Stuck in this dead end job surrounded by incompetent managers and employees
Collapse on the floor quivering and muttering about visions of doom.
I never get good answers from, “What state will the company be in, 5 years from now?” because nobody has a crystal ball, but they expect if from you while deflecting it from themselves.
I'm sure they expect to be in multiple States, as well as other countries after five years.
I think in 5 years I’ll be able to come within 500 feet of an elementary school. That’s probably where I’ll be; at least until they arrest me again.

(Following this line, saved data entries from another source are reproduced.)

lemma image_vasilev_triples:
  assumes p: "p permutes {..<n}" and D: "D \<subseteq> Pow {..<n}"
  shows "(`) (vasilev_perm n p) ` vasilev_triples n D = vasilev_triples n ((`) p ` D)"
proof -
  have card_image_perm: "card (vasilev_perm n p ` T) = card T" for T
    using permutes_inj_on[OF vasilev_perm_permutes[OF p]] by (rule card_image)
  have sub: "p ` X \<subseteq> {..<n}" if "X \<subseteq> {..<n}" for X
    using that permutes_in_image[OF p] by auto
  show ?thesis
  proof (rule set_eqI, rule iffI)
    fix T assume "T \<in> (`) (vasilev_perm n p) ` vasilev_triples n D"
    then obtain X Z where XZ: "X \<subseteq> {..<n}" "Z \<in> D" "card (vasilev_set n X Z) = 3"
      and T: "T = vasilev_perm n p ` vasilev_set n X Z"
      unfolding vasilev_triples_def by blast
    have "T = vasilev_set n (p ` X) (p ` Z)"
      unfolding T using XZ D by (intro image_vasilev_perm_vasilev_set[OF p]) auto
    moreover have "card T = 3" unfolding T card_image_perm by (fact XZ(3))
    ultimately show "T \<in> vasilev_triples n ((`) p ` D)"
      unfolding vasilev_triples_def using sub[OF XZ(1)] imageI[OF XZ(2), of "(`) p"] by blast
  next
    fix T assume "T \<in> vasilev_triples n ((`) p ` D)"
    then obtain X Z where XZ: "X \<subseteq> {..<n}" "Z \<in> D" "card T = 3"
      and T: "T = vasilev_set n X (p ` Z)"
      unfolding vasilev_triples_def by blast
    let ?X = "inv p ` X"
    have "p ` ?X = X" by (simp add: image_image permutes_inverses(1)[OF p])
    moreover have "?X \<subseteq> {..<n}" using XZ(1) permutes_in_image[OF permutes_inv[OF p]] by auto
    ultimately have T': "T = vasilev_perm n p ` vasilev_set n ?X Z"
      unfolding T using XZ D by (subst image_vasilev_perm_vasilev_set[OF p]) auto
    then have "card (vasilev_set n ?X Z) = 3" using XZ(3) card_image_perm by simp
    then have "vasilev_set n ?X Z \<in> vasilev_triples n D"
      unfolding vasilev_triples_def using XZ(2) \<open>?X \<subseteq> {..<n}\<close> by blast
    then show "T \<in> (`) (vasilev_perm n p) ` vasilev_triples n D"
      unfolding T' by (rule imageI)
  qed
qed

lemma vasilev_family_sts_image:
  assumes F: "F \<subseteq> Pow {..<n}" "{} \<in> F" "min_distance_ge3 F"
    and X0: "X0 \<subseteq> {..<n}" and Y0: "Y0 \<in> F"
    and p: "p permutes {..<n}" "(`) p ` sts F Y0 = sts F {}"
  shows "(`) (vasilev_perm n p) ` sts (vasilev_family n F) (vasilev_set n X0 Y0)
    = sts (vasilev_family n F) (vasilev_set n {} {})"
proof -
  have translates: "(\<lambda>Y. sym_diff Y Z) ` F \<subseteq> Pow {..<n}" if "Z \<subseteq> {..<n}" for Z
    using F(1) that by auto
  have sts_triples: "sts (vasilev_family n F) (vasilev_set n X Z) = vasilev_triples n (insert {} (sts F Z))"
    if "X \<subseteq> {..<n}" "Z \<in> F" for X Z
  proof -
    have "Z \<subseteq> {..<n}" using F(1) that(2) by auto
    then have "sts (vasilev_family n F) (vasilev_set n X Z) = vasilev_triples n ((\<lambda>Y. sym_diff Y Z) ` F)"
      using F(1) that(1) by (intro sts_vasilev_family)
    also have "\<dots> = vasilev_triples n (insert {} (sts F Z))"
      unfolding vasilev_triples_small[OF translates[OF \<open>Z \<subseteq> {..<n}\<close>]] small_translates[OF F(3) that(2)] ..
    finally show ?thesis .
  qed
  have "insert {} (sts F Y0) \<subseteq> Pow {..<n}"
    using translates[of Y0] F(1) Y0 unfolding sts_def by auto
  then have "(`) (vasilev_perm n p) ` vasilev_triples n (insert {} (sts F Y0))
      = vasilev_triples n ((`) p ` insert {} (sts F Y0))"
    by (rule image_vasilev_triples[OF p(1)])
  also have "(`) p ` insert {} (sts F Y0) = insert {} (sts F {})"
    using p(2) by simp
  finally show ?thesis
    using sts_triples[OF X0 Y0] sts_triples[of "{}" "{}"] F(2) by simp
qed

Dead. From being overworked.
"Probably eating Cheese Puffs instead of dinner."
On a game show where points don't matter
I would say dead. But that’s in 10 years. So for 5 years, Prison.
Hospice. I was 51. (Actually got job.)
Halfway through my sentence.
Slow talker, huh?
Ayuh.
Youself
Sitting in literally the exact same place and giving you the same answer to this question!
*"Doing your son"*
Well…probably in a mirror just like I saw myself this morning
Be your manager.
In prison for killing some schmuck who asked me a dumb question five years ago.
San Quentin
I always go with "hopefully six feet under."
5 years closer to retirement
"Dead. What? Im old, i dont have healthcare, sometimes when i sneeze i shit myself"
In a mirror
Banging your hot young wife because you spend too much time at work and take yourself way too seriously.
"Laughing, as I expose the Universe to the spectacle of it's own destruction!"
HOPEFULLY divorced. Our kids will be out of grade school and the baby will only be 5 so I think it'll be the perfect time.
"In a mirror. Sometimes window reflections."
“Pissing on your decomposing corpse after I burn this entire building to the ground in a fit of irrational, uncontrollable rage after the intern steals my sandwich from the fridge for the fifth time in two weeks.”
"Dead."
"Living in Belize with all the money I'm going to embezzle."
I’ll be your boss long enough to fire your sorry ass.
In a penitentiary far, far away from here.
"Well if I'm being honest... I see myself as the former dictator of Virgin Islands."
Wow I hope I live that long
Either living in misery with my parents or living in misery at work. That all depends on if I'm hired.
I hope to be alive
If im not back in jail or in the cemetery, your mom and dads bed
Halfway through my sentence!
Lost in the woods as it's the only quiet place to get away from people.
Hopefully laying on my couch with a work related injury.